> **What the task asks**
When the line containing "theory Defs" appears in the entries below, begin printing there and stop after the line containing "better than the"; print each of those lines exactly and no other line.

=== Data for analysis ===

(* Let $n\ge 0$ be an integer and for $k\in\mathbb{Z}_+$ let $$v_k(t)=c_k\,e^{-\frac{t^{2n+2}}{2n+2}}L^{(-\frac{1}{2n+2})}_{k}\!\left(\frac{t^{2n+2}}{n+1}\right),\qquad w_k(t)=d_k\,e^{-\frac{t^{2n+2}}{2n+2}}\,t\,L^{(\frac{1}{2n+2})}_{k}\!\left(\frac{t^{2n+2}}{n+1}\right),$$ with $c_k,d_k>0$ chosen so that $\|t^nv_k\|_{L^2(\mathbb{R})}=\|t^nw_k\|_{L^2(\mathbb{R})}=1$, and let $E_k=4k(n+1)+2n+1$. There exists a constant $C_0>0$ such that for all $k\in\mathbb{Z}_+$ $$\|v_k\|_{L^\infty(\mathbb{R})}\le C_0E_k^{\frac32+\frac{1}{4n+4}},\qquad \|w_k\|_{L^\infty(\mathbb{R})}\le C_0E_k^{\frac32+\frac{1}{4n+4}}.$$
   Context: $L^{(a)}_k$ denotes the generalized Laguerre polynomial of degree $k$ and parameter $a$. These functions solve $-u''+t^{2(2n+1)}u=E\,t^{2n}u$, with $E=E_k$ for $v_k$ and $E=4k(n+1)+2n+3$ for $w_k$. *)

theory Defs
  imports "HOL-Analysis.Analysis"
begin

definition laguerre :: "real \<Rightarrow> nat \<Rightarrow> real \<Rightarrow> real" where
  "laguerre a k x = (\<Sum>i\<le>k. (-1)^i * ((real k + a) gchoose (k - i)) * x^i / fact i)"

text \<open>Unnormalized profiles: v_k = c_k * vprof, w_k = d_k * wprof.\<close>
definition vprof :: "nat \<Rightarrow> nat \<Rightarrow> real \<Rightarrow> real" where
  "vprof n k t = exp (- (t^(2*n+2)) / (2*n+2))
     * laguerre (- 1 / (2*n+2)) k (t^(2*n+2) / (n+1))"

definition wprof :: "nat \<Rightarrow> nat \<Rightarrow> real \<Rightarrow> real" where
  "wprof n k t = exp (- (t^(2*n+2)) / (2*n+2)) * t
     * laguerre (1 / (2*n+2)) k (t^(2*n+2) / (n+1))"

definition Ek :: "nat \<Rightarrow> nat \<Rightarrow> real" where
  "Ek n k = 4 * real k * (real n + 1) + 2 * real n + 1"

end

theory Submission
  imports Defs "HOL-Computational_Algebra.Polynomial"
begin

text \<open>
  Substituting \<open>u(t) = t^m exp(-t^(2n+2)/(2n+2)) L(t^(2n+2)/(n+1))\<close> with \<open>m \<in> {0,1}\<close> turns
  Kummer's equation \<open>x L'' + (a + 1 - x) L' + k L = 0\<close>, satisfied by the Laguerre polynomial
  with \<open>a = (2m - 1)/(2n + 2)\<close>, into \<open>u'' = (t^(4n+2) - E t^(2n)) u\<close> with \<open>E = E_k + 2m\<close>.
  Every solution of this equation with \<open>\<integral> t^(2n) u^2 \<le> 1\<close> satisfies \<open>|u| \<le> 3 + E/2\<close>, far
  better than the claimed power of \<open>E_k\<close>. Indeed \<open>(u u')' = u'^2 + (t^(4n+2) - E t^(2n)) u^2\<close>,
  so integrating from a point \<open>a\<close> with \<open>u u' \<ge> 0\<close> to a point \<open>b > a\<close> with \<open>u u' \<le> 0\<close> gives
  \<open>\<integral>\<^sub>a\<^sup>b u'^2 \<le> E\<close>. Such points exist arbitrarily far out on both sides, since otherwise
  \<open>u^2\<close> would be monotone near infinity, against the mass bound. The mass bound also gives
  \<open>|u s| \<le> 2\<close> at some \<open>s\<close> within distance 2 of any \<open>t\<close>, and
  \<open>2 |u t - u s| \<le> |t - s| + \<integral> u'^2\<close>.
\<close>

section \<open>Laguerre polynomials\<close>

definition laguerre_poly :: "real \<Rightarrow> nat \<Rightarrow> real poly" where
  "laguerre_poly a k = (\<Sum>i\<le>k. monom ((-1)^i * ((real k + a) gchoose (k - i)) / fact i) i)"

lemma poly_laguerre_poly: "poly (laguerre_poly a k) x = laguerre a k x"
  by (simp add: laguerre_poly_def laguerre_def poly_sum poly_monom)

lemma coeff_laguerre_poly:
  "coeff (laguerre_poly a k) i =
     (if i \<le> k then (-1)^i * ((real k + a) gchoose (k - i)) / fact i else 0)"
  by (simp add: laguerre_poly_def coeff_sum)

lemma coeff_laguerre_poly_Suc:
  "real (Suc i) * (real (Suc i) + a) * coeff (laguerre_poly a k) (Suc i)
     = - (real k - real i) * coeff (laguerre_poly a k) i"
proof (cases "i < k")
  case True
  define j where "j = k - Suc i"
  have k: "k - i = Suc j" "k - Suc i = j" "real (Suc i) + a = (real k + a) - real j"
    using True by (auto simp: j_def)
  have rec:
    "(real (Suc i) + a) * ((real k + a) gchoose j) = real (Suc j) * ((real k + a) gchoose Suc j)"
    unfolding k(3) using gbinomial_mult_1[of "real k + a" j] by (simp add: algebra_simps)
  have Suc_coeff: "real (Suc i) * coeff (laguerre_poly a k) (Suc i)
      = - ((-1)^i * ((real k + a) gchoose j) / fact i)"
    using True by (simp add: coeff_laguerre_poly k(2) fact_Suc)
  have "real (Suc i) * (real (Suc i) + a) * coeff (laguerre_poly a k) (Suc i)
      = (real (Suc i) + a) * (real (Suc i) * coeff (laguerre_poly a k) (Suc i))"
    by (simp only: ac_simps)
  also have "\<dots> = - ((-1)^i * ((real (Suc i) + a) * ((real k + a) gchoose j)) / fact i)"
    unfolding Suc_coeff by simp
  also have "\<dots> = - (real k - real i) * coeff (laguerre_poly a k) i"
    unfolding rec using True
    by (simp add: coeff_laguerre_poly k(1) of_nat_diff[symmetric] algebra_simps
        add_divide_distrib diff_divide_distrib)
  finally show ?thesis .
next
  case False
  then show ?thesis by (auto simp: coeff_laguerre_poly)
qed

lemma laguerre_poly_ode:
  "monom 1 1 * (pderiv (pderiv (laguerre_poly a k)) - pderiv (laguerre_poly a k))
     + smult (a + 1) (pderiv (laguerre_poly a k)) + smult (real k) (laguerre_poly a k) = 0"
proof (rule poly_eqI)
  fix i
  define c where "c = coeff (laguerre_poly a k)"
  have "coeff (monom 1 1 * (pderiv (pderiv (laguerre_poly a k)) - pderiv (laguerre_poly a k))) i
      = real i * real (Suc i) * c (Suc i) - real i * c i"
    by (cases i) (simp_all add: coeff_monom_mult coeff_pderiv c_def)
  then show "coeff (monom 1 1 * (pderiv (pderiv (laguerre_poly a k)) - pderiv (laguerre_poly a k))
      + smult (a + 1) (pderiv (laguerre_poly a k)) + smult (real k) (laguerre_poly a k)) i = coeff 0 i"
    using coeff_laguerre_poly_Suc[of i a k] by (simp add: coeff_pderiv c_def[symmetric] algebra_simps)
qed

lemma laguerre_ode:
  "x * poly (pderiv (pderiv (laguerre_poly a k))) x
     + (a + 1 - x) * poly (pderiv (laguerre_poly a k)) x + real k * poly (laguerre_poly a k) x = 0"
  using arg_cong[OF laguerre_poly_ode, of "\<lambda>p. poly p x"]
  by (simp add: poly_monom algebra_simps)

section \<open>From Kummer's equation to the oscillator equation\<close>

lemma has_real_derivative_power_le_1:
  fixes t :: real
  assumes "m \<le> 1"
  shows "((\<lambda>t. t^m) has_real_derivative real m) (at t)"
  using assms by (cases m) (auto intro!: derivative_eq_intros)

text \<open>The restriction \<open>m \<le> 1\<close> makes \<open>(t^m)'' = 0\<close>, which the identity needs.\<close>

lemma schroedinger_identity_of_kummer_identity:
  fixes t \<phi> x L L1 L2 a \<kappa> :: real and n m :: nat
  assumes m: "m \<le> 1"
    and a: "a = (2 * real m - 1) / (2 * real n + 2)"
    and x: "x = t^(2*n+2) / (n+1)"
    and kummer: "x * L2 + (a + 1 - x) * L1 + \<kappa> * L = 0"
  defines "E \<equiv> 4 * \<kappa> * (real n + 1) + 2 * real n + 1 + 2 * real m"
  shows "real m * (t^(2*n+1) * (\<phi> * (2 * L1 - L)))
      + ((m+2*n+1) * t^(m+2*n) * (\<phi> * (2 * L1 - L))
        + t^(m+2*n+1) * (t^(2*n+1) * \<phi> * (4 * L2 - 4 * L1 + L)))
    = (t^(4*n+2) - E * t^(2*n)) * (t^m * (\<phi> * L))"
proof -
  define T where "T = t^(2*n+2)"
  have "4 * (real n + 1) * a = 4 * real m - 2"
    unfolding a by (simp add: field_simps)
  moreover have "T = (real n + 1) * x"
    unfolding T_def x by (simp add: field_simps)
  then have "4*T*L2 + (4*real m + 4*real n + 2 - 4*T) * L1 + 4*(real n+1)*\<kappa>*L
      = 4 * (real n + 1) * (x * L2 + (a + 1 - x) * L1 + \<kappa> * L)
        + (4 * real m - 2 - 4 * (real n + 1) * a) * L1"
    by (simp add: algebra_simps)
  ultimately have scaled: "4*T*L2 + (4*real m + 4*real n + 2 - 4*T) * L1 + 4*(real n+1)*\<kappa>*L = 0"
    using kummer by simp
  have bracket: "(2*m+2*n+1) * (2 * L1 - L) + T * (4 * L2 - 4 * L1 + L) = (T - E) * L"
    using scaled unfolding E_def by (simp add: algebra_simps)
  have mt: "real m * t^(2*n+1) = real m * t^(m+2*n)"
    using m by (cases m) auto
  have "t^(4*n+2) = T * t^(2*n)"
    unfolding T_def power_add[symmetric] by (simp add: algebra_simps)
  then have "(t^(4*n+2) - E * t^(2*n)) * (t^m * (\<phi> * L)) = t^(m+2*n) * \<phi> * ((T - E) * L)"
    by (simp add: power_add algebra_simps)
  also have "\<dots> = t^(m+2*n) * \<phi> * ((2*m+2*n+1) * (2 * L1 - L) + T * (4 * L2 - 4 * L1 + L))"
    unfolding bracket ..
  also have "\<dots> = real m * (t^(2*n+1) * (\<phi> * (2 * L1 - L)))
      + ((m+2*n+1) * t^(m+2*n) * (\<phi> * (2 * L1 - L))
        + t^(m+2*n+1) * (t^(2*n+1) * \<phi> * (4 * L2 - 4 * L1 + L)))"
    unfolding T_def mult.assoc[symmetric] mt by (simp add: power_add algebra_simps)
  finally show ?thesis ..
qed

===

> **Problem solution**
theory Defs
  imports "HOL-Analysis.Analysis"
begin

definition laguerre :: "real \<Rightarrow> nat \<Rightarrow> real \<Rightarrow> real" where
  "laguerre a k x = (\<Sum>i\<le>k. (-1)^i * ((real k + a) gchoose (k - i)) * x^i / fact i)"

text \<open>Unnormalized profiles: v_k = c_k * vprof, w_k = d_k * wprof.\<close>
definition vprof :: "nat \<Rightarrow> nat \<Rightarrow> real \<Rightarrow> real" where
  "vprof n k t = exp (- (t^(2*n+2)) / (2*n+2))
     * laguerre (- 1 / (2*n+2)) k (t^(2*n+2) / (n+1))"

definition wprof :: "nat \<Rightarrow> nat \<Rightarrow> real \<Rightarrow> real" where
  "wprof n k t = exp (- (t^(2*n+2)) / (2*n+2)) * t
     * laguerre (1 / (2*n+2)) k (t^(2*n+2) / (n+1))"

definition Ek :: "nat \<Rightarrow> nat \<Rightarrow> real" where
  "Ek n k = 4 * real k * (real n + 1) + 2 * real n + 1"

end

theory Submission
  imports Defs "HOL-Computational_Algebra.Polynomial"
begin

text \<open>
  Substituting \<open>u(t) = t^m exp(-t^(2n+2)/(2n+2)) L(t^(2n+2)/(n+1))\<close> with \<open>m \<in> {0,1}\<close> turns
  Kummer's equation \<open>x L'' + (a + 1 - x) L' + k L = 0\<close>, satisfied by the Laguerre polynomial
  with \<open>a = (2m - 1)/(2n + 2)\<close>, into \<open>u'' = (t^(4n+2) - E t^(2n)) u\<close> with \<open>E = E_k + 2m\<close>.
  Every solution of this equation with \<open>\<integral> t^(2n) u^2 \<le> 1\<close> satisfies \<open>|u| \<le> 3 + E/2\<close>, far
  better than the claimed power of \<open>E_k\<close>. Indeed \<open>(u u')' = u'^2 + (t^(4n+2) - E t^(2n)) u^2\<close>,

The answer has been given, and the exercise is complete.